The Federal Reserve Board (Fed) announced that it objected to the capital plan submitted by Citi as part of the 2014 Comprehensive Capital Analysis and Review (CCAR). The capital actions requested by Citi included a $6.4 billion common stock repurchase program through the first quarter of 2015 and an increase of Citi’s quarterly common stock dividend to $0.05.

Citi will be permitted to continue with its current capital actions through the first quarter of 2015. These include a $1.2 billion common stock repurchase program and a common stock dividend of $0.01 per share per quarter. These actions are subject to approval by Citi’s Board of Directors in the normal course.

Michael Corbat, Citi’s Chief Executive Officer, said: “Needless to say, we are deeply disappointed by the Fed’s decision regarding the additional capital actions we requested.

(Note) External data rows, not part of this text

text \<open>The inequality behind \<open>psi' \<le> 0\<close>: for \<open>s > 0\<close> and \<open>b > -1\<close>, with \<open>y = b s\<close>,
  \<open>y (e^y - 1) / (1 + e^(s + y)) \<le> e^y - 1 - y\<close>.  For \<open>y \<ge> 0\<close> bound the denominator below by
  \<open>1 + e^y\<close>, for \<open>y < 0\<close> by 2 (as \<open>s + y = (1 + b) s > 0\<close>).\<close>
lemma key_exp_inequality:
  fixes s b :: real
  assumes "0 < s" "-1 < b"
  shows "b * s * (exp (b * s) - 1) / (1 + exp ((1 + b) * s)) \<le> exp (b * s) - 1 - b * s"
proof -
  define y where "y = b * s"
  define Y where "Y = exp y"
  have W: "exp ((1 + b) * s) = exp (s + y)" by (simp add: y_def algebra_simps)
  have "Y > 0" by (simp add: Y_def)
  have num: "0 \<le> y * (Y - 1)"
    by (cases "y \<ge> 0") (auto simp: Y_def mult_nonpos_nonpos)
  show ?thesis
    unfolding W y_def [symmetric] Y_def [symmetric]
  proof (cases "y \<ge> 0")
    case True
    have "Y \<le> exp (s + y)" unfolding Y_def using \<open>0 < s\<close> by simp
    then have "y * (Y - 1) / (1 + exp (s + y)) \<le> y * (Y - 1) / (1 + Y)"
      using num \<open>Y > 0\<close> by (intro divide_left_mono) auto
    also have "\<dots> \<le> Y - 1 - y"
    proof -
      have "2 * y \<le> Y - 1 / Y"
        using sinh_lower_bound[OF True] by (simp add: Y_def exp_minus inverse_eq_divide)
      then have "y * (Y - 1) \<le> (Y - 1 - y) * (1 + Y)"
        using \<open>Y > 0\<close> by (simp add: field_simps)
      then show ?thesis using \<open>Y > 0\<close> by (simp add: divide_le_eq)
    qed
    finally show "y * (Y - 1) / (1 + exp (s + y)) \<le> Y - 1 - y" .
  next
    case False
    have "s + y = (1 + b) * s" by (simp add: y_def algebra_simps)
    then have "1 \<le> exp (s + y)" using assms by simp
    then have "y * (Y - 1) / (1 + exp (s + y)) \<le> y * (Y - 1) / 2"
      using num by (intro divide_left_mono) (auto intro: add_pos_pos)
    also have "\<dots> \<le> Y - 1 - y"
      using exp_lower_bound_nonpos[of y] False by (simp add: Y_def field_simps)
    finally show "y * (Y - 1) / (1 + exp (s + y)) \<le> Y - 1 - y" .
  qed
qed

text \<open>\<open>psi r s\<close> is the ratio \<open>-G'/h'\<close> of the derivatives of kernel and entropy, up to the
  constant \<open>2^(-r) ln 2\<close>, written as a function of the log-odds \<open>s\<close>.\<close>
definition psi :: "real \<Rightarrow> real \<Rightarrow> real" where
  "psi r s = (1 + exp (- s / (1 + r))) powr r * ((1 - exp (r / (1 + r) * s)) / s)"

lemma psi_has_derivative:
  fixes r s :: real
  assumes "r > -1" "s > 0"
  defines "q \<equiv> r / (1 + r)" and "E \<equiv> exp (- s / (1 + r))" and "Y \<equiv> exp (r / (1 + r) * s)"
  shows "(psi r has_real_derivative
     (1 + E) powr r * (- q * s * (1 - Y) * E / (1 + E) - q * s * Y - (1 - Y)) / s\<^sup>2) (at s)"
proof -
  have E: "1 + E > 0" by (simp add: E_def add_pos_pos)
  have Yq: "Y = exp (q * s)" unfolding Y_def q_def ..
  have "((\<lambda>s. (1 + exp (- s / (1 + r))) powr r) has_real_derivative
      r * (1 + E) powr (r - 1) * (- E / (1 + r))) (at s)"
    using assms(1) E unfolding E_def by (auto intro!: derivative_eq_intros)
  also have "r * (1 + E) powr (r - 1) * (- E / (1 + r)) = (1 + E) powr r * (- q * E / (1 + E))"
    using E by (simp add: q_def powr_diff field_simps)
  finally have dP: "((\<lambda>s. (1 + exp (- s / (1 + r))) powr r) has_real_derivative \<dots>) (at s)" .
  have dQ: "((\<lambda>s. (1 - exp (q * s)) / s) has_real_derivative (- q * s * Y - (1 - Y)) / s\<^sup>2) (at s)"
    using assms(2) unfolding Yq by (auto intro!: derivative_eq_intros simp: power2_eq_square field_simps)
  have "psi r = (\<lambda>s. (1 + exp (- s / (1 + r))) powr r * ((1 - exp (q * s)) / s))"
    unfolding psi_def q_def ..
  then have "(psi r has_real_derivative (1 + E) powr r * (- q * E / (1 + E)) * ((1 - Y) / s)
      + (- q * s * Y - (1 - Y)) / s\<^sup>2 * (1 + E) powr r) (at s)"
    using DERIV_mult[OF dP dQ] unfolding E_def Yq by simp
  moreover have "(1 + E) powr r * (- q * E / (1 + E)) * ((1 - Y) / s)
      + (- q * s * Y - (1 - Y)) / s\<^sup>2 * (1 + E) powr r
      = (1 + E) powr r * (- q * s * (1 - Y) * E / (1 + E) - q * s * Y - (1 - Y)) / s\<^sup>2"
    using assms(2) E by (simp add: power2_eq_square divide_simps) (simp add: algebra_simps)
  ultimately show ?thesis by simp
qed

text \<open>This derivative is non-positive: multiplying the bracket by \<open>exp(-q s)\<close> turns it into
  the two sides of the key inequality with \<open>b = -q > -1\<close>.\<close>
lemma psi_derivative_nonpos:
  fixes r s :: real
  assumes "r > -1" "s > 0"
  defines "q \<equiv> r / (1 + r)" and "E \<equiv> exp (- s / (1 + r))" and "Y \<equiv> exp (r / (1 + r) * s)"
  shows "(1 + E) powr r * (- q * s * (1 - Y) * E / (1 + E) - q * s * Y - (1 - Y)) / s\<^sup>2 \<le> 0"
proof -
  define b where "b = - q"
  define Z where "Z = exp (b * s)"
  have "1 + r > 0" using assms(1) by simp
  then have "-1 < b" by (simp add: b_def q_def field_simps)
  have "Z > 0" "E > 0" by (simp_all add: Z_def E_def)
  have Y: "Y = 1 / Z" by (simp add: Y_def Z_def b_def q_def exp_minus inverse_eq_divide)
  have "(1 + b) * s = s / (1 + r)" using \<open>1 + r > 0\<close> by (simp add: b_def q_def field_simps)
  then have EW: "E / (1 + E) = 1 / (1 + exp ((1 + b) * s))"
    by (simp add: E_def exp_minus field_simps add_pos_pos)
  have "- q * s * (1 - Y) * E / (1 + E) - q * s * Y - (1 - Y)
      = (b * s * (Z - 1) * (E / (1 + E)) + b * s - (Z - 1)) / Z"
    using \<open>Z > 0\<close> \<open>E > 0\<close> unfolding Y b_def
    by (simp add: divide_simps)
  also have "\<dots> = (b * s * (Z - 1) / (1 + exp ((1 + b) * s)) - (Z - 1 - b * s)) / Z"
    unfolding EW by simp
  also have "\<dots> \<le> 0"
    using key_exp_inequality[OF \<open>s > 0\<close> \<open>-1 < b\<close>] \<open>Z > 0\<close>
    unfolding Z_def by (simp add: divide_nonpos_pos)
  finally have "- q * s * (1 - Y) * E / (1 + E) - q * s * Y - (1 - Y) \<le> 0" .
  then show ?thesis
    using \<open>s > 0\<close> by (intro divide_nonpos_pos mult_nonneg_nonpos) auto
qed

lemma psi_antimono:
  assumes "r > -1" "0 < s1" "s1 \<le> s2"
  shows "psi r s2 \<le> psi r s1"
proof (rule DERIV_nonpos_imp_decreasing_open[OF \<open>s1 \<le> s2\<close>])
  fix s assume "s1 < s" "s < s2"
  then show "\<exists>d. (psi r has_real_derivative d) (at s) \<and> d \<le> 0"
    using psi_has_derivative[OF \<open>r > -1\<close>, of s] psi_derivative_nonpos[OF \<open>r > -1\<close>, of s]
      \<open>0 < s1\<close> by auto
next
  show "continuous_on {s1..s2} (psi r)"
  proof (rule DERIV_atLeastAtMost_imp_continuous_on)
    fix s assume "s1 \<le> s" "s \<le> s2"
    then have "s > 0" using \<open>0 < s1\<close> by simp
    then show "\<exists>d. (psi r has_real_derivative d) (at s)"
      using psi_has_derivative[OF \<open>r > -1\<close>] by blast
  qed
qed

lemma psi_sign:
  assumes "r > -1" "s > 0"
  shows "r \<le> 0 \<Longrightarrow> 0 \<le> psi r s" and "0 \<le> r \<Longrightarrow> psi r s \<le> 0"
proof -
  have "1 + r > 0" using assms(1) by simp
  have P: "0 \<le> (1 + exp (- s / (1 + r))) powr r" by simp
  show "0 \<le> psi r s" if "r \<le> 0"
  proof -
    have "r / (1 + r) * s \<le> 0"
      using that \<open>1 + r > 0\<close> \<open>s > 0\<close> by (simp add: mult_le_0_iff divide_le_0_iff)
    then have "0 \<le> (1 - exp (r / (1 + r) * s)) / s" using \<open>s > 0\<close> by simp
    with P show ?thesis unfolding psi_def by (rule mult_nonneg_nonneg)
  qed
  show "psi r s \<le> 0" if "0 \<le> r"
  proof -
    have "0 \<le> r / (1 + r) * s" using that \<open>1 + r > 0\<close> \<open>s > 0\<close> by simp
    then have "(1 - exp (r / (1 + r) * s)) / s \<le> 0" using \<open>s > 0\<close> by (simp add: divide_nonpos_pos)
    with P show ?thesis unfolding psi_def by (rule mult_nonneg_nonpos)
  qed
qed

section \<open>The kernel of F_bsc\<close>

definition bsc_kernel :: "real \<Rightarrow> real \<Rightarrow> real" where
  "bsc_kernel r e = 2 powr (-r) * (e powr (1/(1+r)) + (1-e) powr (1/(1+r))) powr (1+r)"

lemma F_bsc_eq_kernel: "F_bsc r C = bsc_kernel r (bin_entropy_inv (1 - C))"
  by (simp add: F_bsc_def bsc_kernel_def Let_def)

text \<open>The kernel is continuous on \<open>[0,1]\<close>: the power sum inside never vanishes there.\<close>
lemma continuous_on_bsc_kernel:
  assumes "r > -1"
  shows "continuous_on {0..1} (bsc_kernel r)"
proof -
  define a where "a = 1/(1+r)"
  have "a > 0" using assms by (simp add: a_def)
  have c1: "continuous_on {0..1} (\<lambda>e::real. e powr a)"
    by (rule continuous_on_powr') (use \<open>a > 0\<close> in \<open>auto intro: continuous_intros\<close>)
  have c2: "continuous_on {0..1} (\<lambda>e::real. (1 - e) powr a)"
    by (rule continuous_on_powr') (use \<open>a > 0\<close> in \<open>auto intro: continuous_intros\<close>)
  have pos: "\<forall>e\<in>{0..1}. e powr a + (1 - e) powr a \<noteq> 0"
    using \<open>a > 0\<close> by (auto simp: add_nonneg_eq_0_iff)
  show ?thesis unfolding bsc_kernel_def a_def [symmetric]
    by (intro continuous_intros c1 c2 continuous_on_powr pos)
qed

lemma bsc_kernel_has_derivative:
  assumes "r > -1" "0 < e" "e < 1"
  defines "a \<equiv> 1/(1+r)"
  shows "(bsc_kernel r has_real_derivative
    2 powr (-r) * (e powr a + (1-e) powr a) powr r * (e powr (a-1) - (1-e) powr (a-1))) (at e)"
proof -
  have "(1 + r) * a = 1" using assms(1) by (simp add: a_def)
  have "e powr a + (1-e) powr a > 0" using assms(2,3) by (simp add: add_pos_pos)
  then have "(bsc_kernel r has_real_derivative 2 powr (-r) *
      ((1+r) * (e powr a + (1-e) powr a) powr (1 + r - 1) * (a * e powr (a-1) - a * (1-e) powr (a-1)))) (at e)"
    unfolding bsc_kernel_def a_def [symmetric] using assms(2,3)
    by (auto intro!: derivative_eq_intros)
  also have "2 powr (-r) * ((1+r) * (e powr a + (1-e) powr a) powr (1 + r - 1)
        * (a * e powr (a-1) - a * (1-e) powr (a-1)))
      = 2 powr (-r) * (e powr a + (1-e) powr a) powr r
        * (((1 + r) * a) * (e powr (a-1) - (1-e) powr (a-1)))"
    by (simp add: algebra_simps)
  finally show ?thesis unfolding \<open>(1 + r) * a = 1\<close> by simp
qed

text \<open>In terms of the odds \<open>t = e/(1-e) = exp(-s)\<close>, the derivative of the kernel factors
  through \<open>psi\<close> evaluated at the log-odds \<open>s\<close>.\<close>
lemma bsc_kernel_has_derivative_log_odds:
  assumes "r > -1" "0 < e" "e < 1/2"
  shows "(bsc_kernel r has_real_derivative - (2 powr (-r) * log_odds e * psi r (log_odds e))) (at e)"
proof -
  define a where "a = 1/(1+r)"
  define s where "s = log_odds e"
  define t where "t = e / (1 - e)"
  define E where "E = exp (- s / (1 + r))"
  define Y where "Y = exp (r / (1 + r) * s)"
  have "1 + r > 0" using assms(1) by simp
  have "0 < t" "0 < 1 - e" using assms(2,3) by (simp_all add: t_def)
  have odds_power: "e powr c = (1 - e) powr c * t powr c" for c
  proof -
    have "e = (1 - e) * t" using \<open>0 < 1 - e\<close> by (simp add: t_def)
    then have "e powr c = ((1 - e) * t) powr c" by (rule arg_cong)
    then show ?thesis using \<open>0 < 1 - e\<close> \<open>0 < t\<close> by (simp add: powr_mult)
  qed
  have "ln t = - s" using assms(2,3) by (simp add: t_def s_def log_odds_def ln_div)
  then have tE: "t powr a = E" and tY: "t powr (a - 1) = Y"
    using \<open>0 < t\<close> \<open>1 + r > 0\<close> by (simp_all add: powr_def E_def Y_def a_def field_simps)
  have "e powr a + (1-e) powr a = (1 - e) powr a * (1 + E)"
    by (simp add: odds_power tE algebra_simps)
  then have S: "(e powr a + (1-e) powr a) powr r = (1 - e) powr (a * r) * (1 + E) powr r"
    by (simp add: powr_mult powr_powr E_def add_pos_pos)
  have D: "e powr (a-1) - (1-e) powr (a-1) = - ((1 - e) powr (a - 1) * (1 - Y))"
    by (simp add: odds_power tY algebra_simps)
  have "(1 - e) powr (a * r) * (1 - e) powr (a - 1) = 1"
    using \<open>0 < 1 - e\<close> \<open>1 + r > 0\<close> by (simp add: powr_add [symmetric] a_def field_simps)
  then have "2 powr (-r) * (e powr a + (1-e) powr a) powr r * (e powr (a-1) - (1-e) powr (a-1))
      = - (2 powr (-r) * ((1 + E) powr r * (1 - Y)))"
    unfolding S D by (simp add: algebra_simps)
  also have "(1 + E) powr r * (1 - Y) = s * psi r s"
    using log_odds_pos[OF assms(2,3)] by (simp add: psi_def E_def Y_def s_def)
  finally show ?thesis
    using bsc_kernel_has_derivative[OF assms(1,2)] assms(3) by (simp add: a_def s_def mult.assoc)
qed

The additional capital actions represented a modest level of capital return and still allowed Citi to exceed the required threshold on a quantitative basis.

“We will continue to work closely with the Fed to better understand their concerns so that we can bring our capital planning process in line with their expectations and meet their standards on a qualitative basis as well. We have not yet made a decision as to when we will resubmit our plan.

We clearly are being challenged to meet the highest standards in the CCAR process. Despite whatever shortcomings the Fed saw in our capital planning process, we have made tremendous progress over the past several years in enhancing our capital position and Citi remains one of the best-capitalized financial institutions in the world. We will continue to work incredibly hard to serve our clients and generate the returns our shareholders expect and deserve,” Mr. Corbat concluded.